* **INSTRUCTIONS FOR THE TASK**
Where does the word "equiv" show up in the records? Copy every line that has it.

* **THE INPUT**
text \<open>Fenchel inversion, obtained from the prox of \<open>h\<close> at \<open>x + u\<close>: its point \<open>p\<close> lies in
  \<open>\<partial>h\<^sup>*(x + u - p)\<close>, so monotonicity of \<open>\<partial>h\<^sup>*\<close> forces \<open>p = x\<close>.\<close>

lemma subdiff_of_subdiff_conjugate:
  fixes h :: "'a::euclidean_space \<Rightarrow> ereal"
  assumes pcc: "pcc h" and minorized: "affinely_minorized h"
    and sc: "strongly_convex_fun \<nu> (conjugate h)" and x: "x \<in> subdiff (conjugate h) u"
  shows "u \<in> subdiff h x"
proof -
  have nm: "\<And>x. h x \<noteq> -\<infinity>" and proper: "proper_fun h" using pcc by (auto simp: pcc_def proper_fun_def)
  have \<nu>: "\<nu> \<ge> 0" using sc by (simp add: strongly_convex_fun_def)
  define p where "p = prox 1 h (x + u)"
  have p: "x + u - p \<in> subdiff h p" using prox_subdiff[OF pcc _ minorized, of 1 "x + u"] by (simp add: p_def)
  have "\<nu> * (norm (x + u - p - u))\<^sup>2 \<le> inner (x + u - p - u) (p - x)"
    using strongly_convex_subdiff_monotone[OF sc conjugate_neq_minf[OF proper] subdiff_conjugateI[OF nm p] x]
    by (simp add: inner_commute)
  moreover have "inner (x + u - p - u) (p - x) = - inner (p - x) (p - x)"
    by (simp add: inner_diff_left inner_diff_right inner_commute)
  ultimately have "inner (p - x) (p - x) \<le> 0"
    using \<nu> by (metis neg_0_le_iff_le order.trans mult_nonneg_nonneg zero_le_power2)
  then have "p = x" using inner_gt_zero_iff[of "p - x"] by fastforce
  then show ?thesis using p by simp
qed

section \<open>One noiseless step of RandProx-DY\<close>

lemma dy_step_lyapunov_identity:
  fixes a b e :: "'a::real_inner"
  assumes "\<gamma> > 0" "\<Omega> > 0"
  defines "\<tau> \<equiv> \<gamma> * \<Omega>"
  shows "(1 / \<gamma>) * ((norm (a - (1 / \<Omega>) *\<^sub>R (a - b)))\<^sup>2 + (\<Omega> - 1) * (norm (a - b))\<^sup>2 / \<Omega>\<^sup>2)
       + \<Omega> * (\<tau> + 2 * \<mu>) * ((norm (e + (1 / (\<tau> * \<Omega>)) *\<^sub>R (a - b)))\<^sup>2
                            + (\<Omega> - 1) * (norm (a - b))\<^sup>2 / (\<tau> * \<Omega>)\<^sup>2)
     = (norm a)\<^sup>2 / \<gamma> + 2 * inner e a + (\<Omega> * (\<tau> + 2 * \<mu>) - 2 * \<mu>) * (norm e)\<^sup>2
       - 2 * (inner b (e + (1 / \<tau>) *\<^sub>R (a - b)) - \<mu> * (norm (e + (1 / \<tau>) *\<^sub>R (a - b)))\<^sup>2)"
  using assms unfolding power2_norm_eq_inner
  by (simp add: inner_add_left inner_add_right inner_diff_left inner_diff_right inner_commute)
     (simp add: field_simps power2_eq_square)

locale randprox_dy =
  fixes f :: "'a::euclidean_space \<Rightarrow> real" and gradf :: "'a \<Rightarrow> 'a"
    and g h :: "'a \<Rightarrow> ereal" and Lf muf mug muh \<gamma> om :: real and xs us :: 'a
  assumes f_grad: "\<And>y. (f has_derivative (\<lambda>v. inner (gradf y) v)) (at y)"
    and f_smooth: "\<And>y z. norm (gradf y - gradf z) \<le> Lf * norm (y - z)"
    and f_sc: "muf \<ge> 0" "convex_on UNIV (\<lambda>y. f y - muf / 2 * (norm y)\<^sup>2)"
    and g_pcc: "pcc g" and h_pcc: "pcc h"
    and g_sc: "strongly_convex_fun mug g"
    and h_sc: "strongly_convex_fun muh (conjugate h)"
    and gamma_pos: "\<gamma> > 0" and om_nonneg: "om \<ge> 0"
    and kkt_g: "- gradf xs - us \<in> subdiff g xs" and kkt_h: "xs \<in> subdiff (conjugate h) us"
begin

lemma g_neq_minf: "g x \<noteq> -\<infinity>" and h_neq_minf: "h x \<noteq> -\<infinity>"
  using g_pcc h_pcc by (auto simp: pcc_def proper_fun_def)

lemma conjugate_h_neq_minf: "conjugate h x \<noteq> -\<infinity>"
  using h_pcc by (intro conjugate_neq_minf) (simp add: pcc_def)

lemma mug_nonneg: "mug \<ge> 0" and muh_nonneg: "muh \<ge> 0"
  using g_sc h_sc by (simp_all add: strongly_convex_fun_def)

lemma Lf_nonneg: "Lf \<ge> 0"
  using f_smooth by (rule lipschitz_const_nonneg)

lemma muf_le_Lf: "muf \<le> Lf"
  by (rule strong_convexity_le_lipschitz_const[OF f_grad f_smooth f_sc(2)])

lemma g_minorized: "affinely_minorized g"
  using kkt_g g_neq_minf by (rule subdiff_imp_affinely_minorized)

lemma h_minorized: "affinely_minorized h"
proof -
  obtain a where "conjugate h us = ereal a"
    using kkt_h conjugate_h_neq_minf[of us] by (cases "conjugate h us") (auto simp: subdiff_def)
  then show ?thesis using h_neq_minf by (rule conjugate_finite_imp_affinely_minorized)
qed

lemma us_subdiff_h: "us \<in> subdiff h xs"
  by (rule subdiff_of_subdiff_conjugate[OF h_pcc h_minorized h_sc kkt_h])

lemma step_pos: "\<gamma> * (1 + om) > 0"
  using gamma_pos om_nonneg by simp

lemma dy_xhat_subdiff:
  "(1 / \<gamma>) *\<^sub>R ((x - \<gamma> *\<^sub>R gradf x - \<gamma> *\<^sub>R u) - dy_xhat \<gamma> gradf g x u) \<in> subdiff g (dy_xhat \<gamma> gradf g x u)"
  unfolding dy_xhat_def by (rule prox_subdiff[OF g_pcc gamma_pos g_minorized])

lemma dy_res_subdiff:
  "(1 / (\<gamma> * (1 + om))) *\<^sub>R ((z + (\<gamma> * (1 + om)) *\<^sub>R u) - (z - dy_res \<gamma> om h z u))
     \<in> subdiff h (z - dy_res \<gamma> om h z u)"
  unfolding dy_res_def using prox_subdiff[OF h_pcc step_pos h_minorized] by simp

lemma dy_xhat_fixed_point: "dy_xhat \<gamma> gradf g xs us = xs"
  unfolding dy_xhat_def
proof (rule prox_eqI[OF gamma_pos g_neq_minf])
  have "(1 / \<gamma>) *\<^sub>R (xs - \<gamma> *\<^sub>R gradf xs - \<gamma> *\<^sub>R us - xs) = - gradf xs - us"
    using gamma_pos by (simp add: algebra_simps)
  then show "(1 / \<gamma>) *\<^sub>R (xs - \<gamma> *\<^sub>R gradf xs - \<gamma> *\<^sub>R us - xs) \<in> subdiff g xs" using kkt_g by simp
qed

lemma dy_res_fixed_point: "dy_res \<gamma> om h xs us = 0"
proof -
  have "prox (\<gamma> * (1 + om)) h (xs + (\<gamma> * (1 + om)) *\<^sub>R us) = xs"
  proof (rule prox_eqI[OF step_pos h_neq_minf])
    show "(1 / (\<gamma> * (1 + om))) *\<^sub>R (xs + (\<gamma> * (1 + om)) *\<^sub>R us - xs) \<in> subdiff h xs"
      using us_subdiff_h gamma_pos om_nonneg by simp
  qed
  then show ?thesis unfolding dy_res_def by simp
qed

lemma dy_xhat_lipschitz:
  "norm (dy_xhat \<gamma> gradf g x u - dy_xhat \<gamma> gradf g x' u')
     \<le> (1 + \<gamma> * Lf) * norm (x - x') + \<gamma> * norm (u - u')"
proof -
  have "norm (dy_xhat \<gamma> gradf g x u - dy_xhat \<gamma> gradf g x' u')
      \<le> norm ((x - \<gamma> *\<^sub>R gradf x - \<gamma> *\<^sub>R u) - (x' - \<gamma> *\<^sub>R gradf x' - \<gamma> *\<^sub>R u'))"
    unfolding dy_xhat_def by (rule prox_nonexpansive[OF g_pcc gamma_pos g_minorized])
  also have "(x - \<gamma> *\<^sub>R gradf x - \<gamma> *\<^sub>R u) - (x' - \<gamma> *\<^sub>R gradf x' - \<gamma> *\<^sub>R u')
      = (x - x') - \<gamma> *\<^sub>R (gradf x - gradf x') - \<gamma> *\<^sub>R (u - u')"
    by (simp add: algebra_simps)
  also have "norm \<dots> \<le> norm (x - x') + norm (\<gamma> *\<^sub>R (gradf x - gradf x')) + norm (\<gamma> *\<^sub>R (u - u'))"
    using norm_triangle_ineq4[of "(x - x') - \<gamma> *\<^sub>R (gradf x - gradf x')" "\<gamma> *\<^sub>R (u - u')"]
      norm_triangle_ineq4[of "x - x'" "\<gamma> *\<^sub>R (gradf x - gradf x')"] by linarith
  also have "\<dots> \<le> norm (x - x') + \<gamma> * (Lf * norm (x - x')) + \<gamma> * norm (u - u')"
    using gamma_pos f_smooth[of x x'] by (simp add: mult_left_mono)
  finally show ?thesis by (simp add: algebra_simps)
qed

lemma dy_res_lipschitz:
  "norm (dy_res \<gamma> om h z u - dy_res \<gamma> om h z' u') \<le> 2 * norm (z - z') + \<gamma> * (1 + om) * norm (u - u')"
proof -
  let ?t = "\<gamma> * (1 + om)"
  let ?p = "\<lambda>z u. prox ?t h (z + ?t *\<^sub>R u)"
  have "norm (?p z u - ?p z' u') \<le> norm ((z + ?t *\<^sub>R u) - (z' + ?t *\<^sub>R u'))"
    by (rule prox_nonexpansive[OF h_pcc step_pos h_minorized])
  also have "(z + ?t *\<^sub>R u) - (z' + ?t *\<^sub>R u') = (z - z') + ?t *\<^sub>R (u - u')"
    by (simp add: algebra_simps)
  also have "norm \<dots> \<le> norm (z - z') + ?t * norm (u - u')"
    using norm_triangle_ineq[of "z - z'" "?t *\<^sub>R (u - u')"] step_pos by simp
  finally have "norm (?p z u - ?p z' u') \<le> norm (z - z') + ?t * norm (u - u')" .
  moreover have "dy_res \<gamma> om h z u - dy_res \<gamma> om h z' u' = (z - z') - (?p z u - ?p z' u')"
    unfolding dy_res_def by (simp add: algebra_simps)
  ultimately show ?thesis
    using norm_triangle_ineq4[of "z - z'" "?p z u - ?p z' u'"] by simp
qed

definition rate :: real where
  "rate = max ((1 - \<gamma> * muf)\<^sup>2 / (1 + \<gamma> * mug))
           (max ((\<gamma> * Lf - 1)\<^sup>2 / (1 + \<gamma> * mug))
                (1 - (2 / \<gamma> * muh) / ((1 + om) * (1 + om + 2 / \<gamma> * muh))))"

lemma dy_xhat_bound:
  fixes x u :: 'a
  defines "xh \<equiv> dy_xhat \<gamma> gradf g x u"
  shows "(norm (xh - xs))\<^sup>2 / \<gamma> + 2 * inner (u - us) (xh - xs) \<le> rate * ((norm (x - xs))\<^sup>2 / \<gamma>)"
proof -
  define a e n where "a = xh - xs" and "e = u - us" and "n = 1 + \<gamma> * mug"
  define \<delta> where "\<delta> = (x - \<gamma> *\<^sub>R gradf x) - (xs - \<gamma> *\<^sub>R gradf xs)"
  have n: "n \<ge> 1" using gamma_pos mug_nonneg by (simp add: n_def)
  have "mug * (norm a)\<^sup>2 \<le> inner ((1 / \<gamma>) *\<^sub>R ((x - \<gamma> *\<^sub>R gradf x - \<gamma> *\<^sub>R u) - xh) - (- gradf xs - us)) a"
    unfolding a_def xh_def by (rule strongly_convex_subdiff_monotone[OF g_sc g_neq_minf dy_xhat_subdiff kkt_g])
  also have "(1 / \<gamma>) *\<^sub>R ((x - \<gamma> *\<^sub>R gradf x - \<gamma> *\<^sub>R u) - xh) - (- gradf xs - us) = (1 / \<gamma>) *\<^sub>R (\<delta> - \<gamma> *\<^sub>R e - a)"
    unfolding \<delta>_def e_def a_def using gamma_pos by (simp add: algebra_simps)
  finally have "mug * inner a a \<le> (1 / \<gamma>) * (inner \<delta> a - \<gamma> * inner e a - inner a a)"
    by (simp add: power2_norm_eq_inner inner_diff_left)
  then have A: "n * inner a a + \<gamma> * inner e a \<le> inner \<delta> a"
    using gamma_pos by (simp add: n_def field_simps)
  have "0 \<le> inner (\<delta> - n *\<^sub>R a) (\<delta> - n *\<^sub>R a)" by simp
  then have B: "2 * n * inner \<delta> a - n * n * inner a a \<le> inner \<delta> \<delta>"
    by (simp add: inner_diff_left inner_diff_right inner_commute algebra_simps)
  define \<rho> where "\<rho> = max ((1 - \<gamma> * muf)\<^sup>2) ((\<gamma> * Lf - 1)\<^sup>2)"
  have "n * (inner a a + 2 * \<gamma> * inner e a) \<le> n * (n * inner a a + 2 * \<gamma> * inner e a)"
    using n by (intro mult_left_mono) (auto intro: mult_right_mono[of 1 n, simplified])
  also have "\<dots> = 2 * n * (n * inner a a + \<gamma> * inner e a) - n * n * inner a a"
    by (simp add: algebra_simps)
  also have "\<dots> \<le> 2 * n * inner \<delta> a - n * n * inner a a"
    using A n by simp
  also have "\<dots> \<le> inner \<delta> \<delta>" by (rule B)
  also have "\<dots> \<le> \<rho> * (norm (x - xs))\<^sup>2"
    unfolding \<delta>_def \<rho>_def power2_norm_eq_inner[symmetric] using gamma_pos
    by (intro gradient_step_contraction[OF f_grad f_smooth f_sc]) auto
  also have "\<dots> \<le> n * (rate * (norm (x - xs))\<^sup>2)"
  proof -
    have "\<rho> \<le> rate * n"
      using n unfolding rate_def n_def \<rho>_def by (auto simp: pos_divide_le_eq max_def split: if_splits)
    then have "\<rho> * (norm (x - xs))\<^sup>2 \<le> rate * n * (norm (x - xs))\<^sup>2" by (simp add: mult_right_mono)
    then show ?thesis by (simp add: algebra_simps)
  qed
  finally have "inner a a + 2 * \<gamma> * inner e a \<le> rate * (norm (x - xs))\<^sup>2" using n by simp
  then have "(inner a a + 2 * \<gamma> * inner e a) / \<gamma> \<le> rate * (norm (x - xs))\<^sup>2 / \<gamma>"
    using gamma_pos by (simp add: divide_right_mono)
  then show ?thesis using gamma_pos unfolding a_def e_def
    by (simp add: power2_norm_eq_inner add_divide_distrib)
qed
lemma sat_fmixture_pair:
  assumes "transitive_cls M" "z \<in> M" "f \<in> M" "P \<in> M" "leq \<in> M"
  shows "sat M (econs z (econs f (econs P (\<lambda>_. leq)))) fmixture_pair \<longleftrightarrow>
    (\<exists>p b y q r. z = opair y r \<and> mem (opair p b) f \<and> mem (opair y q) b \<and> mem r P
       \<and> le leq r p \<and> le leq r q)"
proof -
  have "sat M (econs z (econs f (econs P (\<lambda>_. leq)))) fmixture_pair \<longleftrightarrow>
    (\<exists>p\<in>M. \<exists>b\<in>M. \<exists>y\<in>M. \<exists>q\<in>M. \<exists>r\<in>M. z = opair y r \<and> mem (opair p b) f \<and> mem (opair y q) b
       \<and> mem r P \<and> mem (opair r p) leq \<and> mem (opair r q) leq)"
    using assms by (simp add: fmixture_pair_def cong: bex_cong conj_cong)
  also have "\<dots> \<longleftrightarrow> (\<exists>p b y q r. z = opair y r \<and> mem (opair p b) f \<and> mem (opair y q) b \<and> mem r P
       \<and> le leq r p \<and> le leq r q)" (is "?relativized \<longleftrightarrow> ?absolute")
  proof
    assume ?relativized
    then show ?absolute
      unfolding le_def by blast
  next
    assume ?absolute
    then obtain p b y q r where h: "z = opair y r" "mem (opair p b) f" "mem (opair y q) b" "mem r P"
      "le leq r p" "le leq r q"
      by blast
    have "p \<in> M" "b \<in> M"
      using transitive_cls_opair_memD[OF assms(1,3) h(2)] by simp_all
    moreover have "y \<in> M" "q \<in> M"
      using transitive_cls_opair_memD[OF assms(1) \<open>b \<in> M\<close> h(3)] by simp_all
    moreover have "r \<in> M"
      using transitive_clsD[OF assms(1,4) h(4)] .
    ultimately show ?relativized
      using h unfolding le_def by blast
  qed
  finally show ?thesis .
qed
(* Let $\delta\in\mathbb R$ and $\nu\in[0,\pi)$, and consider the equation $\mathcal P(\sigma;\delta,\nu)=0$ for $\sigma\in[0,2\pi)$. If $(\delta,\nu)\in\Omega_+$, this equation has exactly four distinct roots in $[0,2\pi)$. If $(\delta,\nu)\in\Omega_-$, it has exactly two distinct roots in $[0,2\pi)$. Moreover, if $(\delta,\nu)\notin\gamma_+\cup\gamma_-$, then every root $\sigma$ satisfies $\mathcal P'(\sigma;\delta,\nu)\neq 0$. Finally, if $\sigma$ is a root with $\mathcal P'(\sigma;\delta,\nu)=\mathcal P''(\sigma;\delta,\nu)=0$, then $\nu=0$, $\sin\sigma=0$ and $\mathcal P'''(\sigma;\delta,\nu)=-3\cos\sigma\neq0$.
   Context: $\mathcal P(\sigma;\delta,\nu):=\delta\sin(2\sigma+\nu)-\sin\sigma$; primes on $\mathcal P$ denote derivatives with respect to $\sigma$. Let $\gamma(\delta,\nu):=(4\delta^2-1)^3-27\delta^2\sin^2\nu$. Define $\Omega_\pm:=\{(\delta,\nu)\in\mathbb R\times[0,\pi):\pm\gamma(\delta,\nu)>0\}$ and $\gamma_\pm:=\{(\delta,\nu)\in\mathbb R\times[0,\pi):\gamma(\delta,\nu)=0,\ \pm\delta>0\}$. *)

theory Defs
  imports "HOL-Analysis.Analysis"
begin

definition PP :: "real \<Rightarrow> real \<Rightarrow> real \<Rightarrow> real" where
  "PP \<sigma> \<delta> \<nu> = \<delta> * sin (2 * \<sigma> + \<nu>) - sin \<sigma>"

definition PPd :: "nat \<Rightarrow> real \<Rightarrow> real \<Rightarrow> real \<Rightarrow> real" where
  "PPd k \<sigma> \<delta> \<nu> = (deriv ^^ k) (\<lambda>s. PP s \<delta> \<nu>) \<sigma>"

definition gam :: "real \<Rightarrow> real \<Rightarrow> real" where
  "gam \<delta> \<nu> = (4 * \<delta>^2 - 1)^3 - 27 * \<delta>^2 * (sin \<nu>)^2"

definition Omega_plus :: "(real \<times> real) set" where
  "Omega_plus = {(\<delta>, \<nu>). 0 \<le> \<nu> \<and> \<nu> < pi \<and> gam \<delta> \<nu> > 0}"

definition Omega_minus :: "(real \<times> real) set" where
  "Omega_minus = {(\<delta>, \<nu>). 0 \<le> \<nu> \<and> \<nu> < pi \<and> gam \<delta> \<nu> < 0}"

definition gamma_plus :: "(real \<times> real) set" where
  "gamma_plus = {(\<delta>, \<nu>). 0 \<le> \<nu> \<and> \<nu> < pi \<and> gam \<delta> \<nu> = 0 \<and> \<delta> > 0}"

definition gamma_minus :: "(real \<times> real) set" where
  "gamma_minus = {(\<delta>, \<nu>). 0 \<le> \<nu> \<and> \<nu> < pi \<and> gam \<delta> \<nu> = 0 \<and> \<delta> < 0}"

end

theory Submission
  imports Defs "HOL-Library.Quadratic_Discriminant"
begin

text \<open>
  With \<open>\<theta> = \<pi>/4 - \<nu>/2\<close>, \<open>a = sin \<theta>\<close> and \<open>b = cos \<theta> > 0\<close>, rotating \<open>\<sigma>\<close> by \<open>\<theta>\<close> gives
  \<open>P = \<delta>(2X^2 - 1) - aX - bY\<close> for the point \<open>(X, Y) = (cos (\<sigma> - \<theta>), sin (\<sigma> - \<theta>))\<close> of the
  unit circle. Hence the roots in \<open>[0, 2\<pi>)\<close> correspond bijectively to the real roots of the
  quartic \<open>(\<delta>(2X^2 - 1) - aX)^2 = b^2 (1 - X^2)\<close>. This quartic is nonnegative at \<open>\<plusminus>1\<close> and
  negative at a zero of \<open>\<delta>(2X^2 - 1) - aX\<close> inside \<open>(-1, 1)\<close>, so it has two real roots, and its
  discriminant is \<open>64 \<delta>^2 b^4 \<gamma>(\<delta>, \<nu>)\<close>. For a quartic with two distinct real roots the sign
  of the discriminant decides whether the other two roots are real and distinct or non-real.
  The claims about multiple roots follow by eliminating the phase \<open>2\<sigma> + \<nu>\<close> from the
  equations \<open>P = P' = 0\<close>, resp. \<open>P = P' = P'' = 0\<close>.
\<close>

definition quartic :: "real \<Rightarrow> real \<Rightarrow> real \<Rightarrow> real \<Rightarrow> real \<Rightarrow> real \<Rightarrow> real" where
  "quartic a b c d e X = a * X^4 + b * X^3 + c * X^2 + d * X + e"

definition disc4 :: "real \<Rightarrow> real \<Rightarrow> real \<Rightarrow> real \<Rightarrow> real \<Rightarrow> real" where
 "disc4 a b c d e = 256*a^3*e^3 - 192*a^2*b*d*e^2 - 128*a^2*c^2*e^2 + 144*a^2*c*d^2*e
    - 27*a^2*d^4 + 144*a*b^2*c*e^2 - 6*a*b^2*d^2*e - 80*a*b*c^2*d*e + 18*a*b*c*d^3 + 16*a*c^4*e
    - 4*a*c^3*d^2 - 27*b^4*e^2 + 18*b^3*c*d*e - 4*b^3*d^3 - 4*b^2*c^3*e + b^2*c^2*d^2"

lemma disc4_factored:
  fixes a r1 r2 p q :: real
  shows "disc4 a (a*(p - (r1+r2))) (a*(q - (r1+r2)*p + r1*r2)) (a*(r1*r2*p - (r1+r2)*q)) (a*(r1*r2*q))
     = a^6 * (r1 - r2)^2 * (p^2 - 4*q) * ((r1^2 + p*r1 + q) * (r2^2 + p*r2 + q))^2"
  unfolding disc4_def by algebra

* **RESPONSE**
  defines "\<tau> \<equiv> \<gamma> * \<Omega>"
  defines "xh \<equiv> dy_xhat \<gamma> gradf g x u"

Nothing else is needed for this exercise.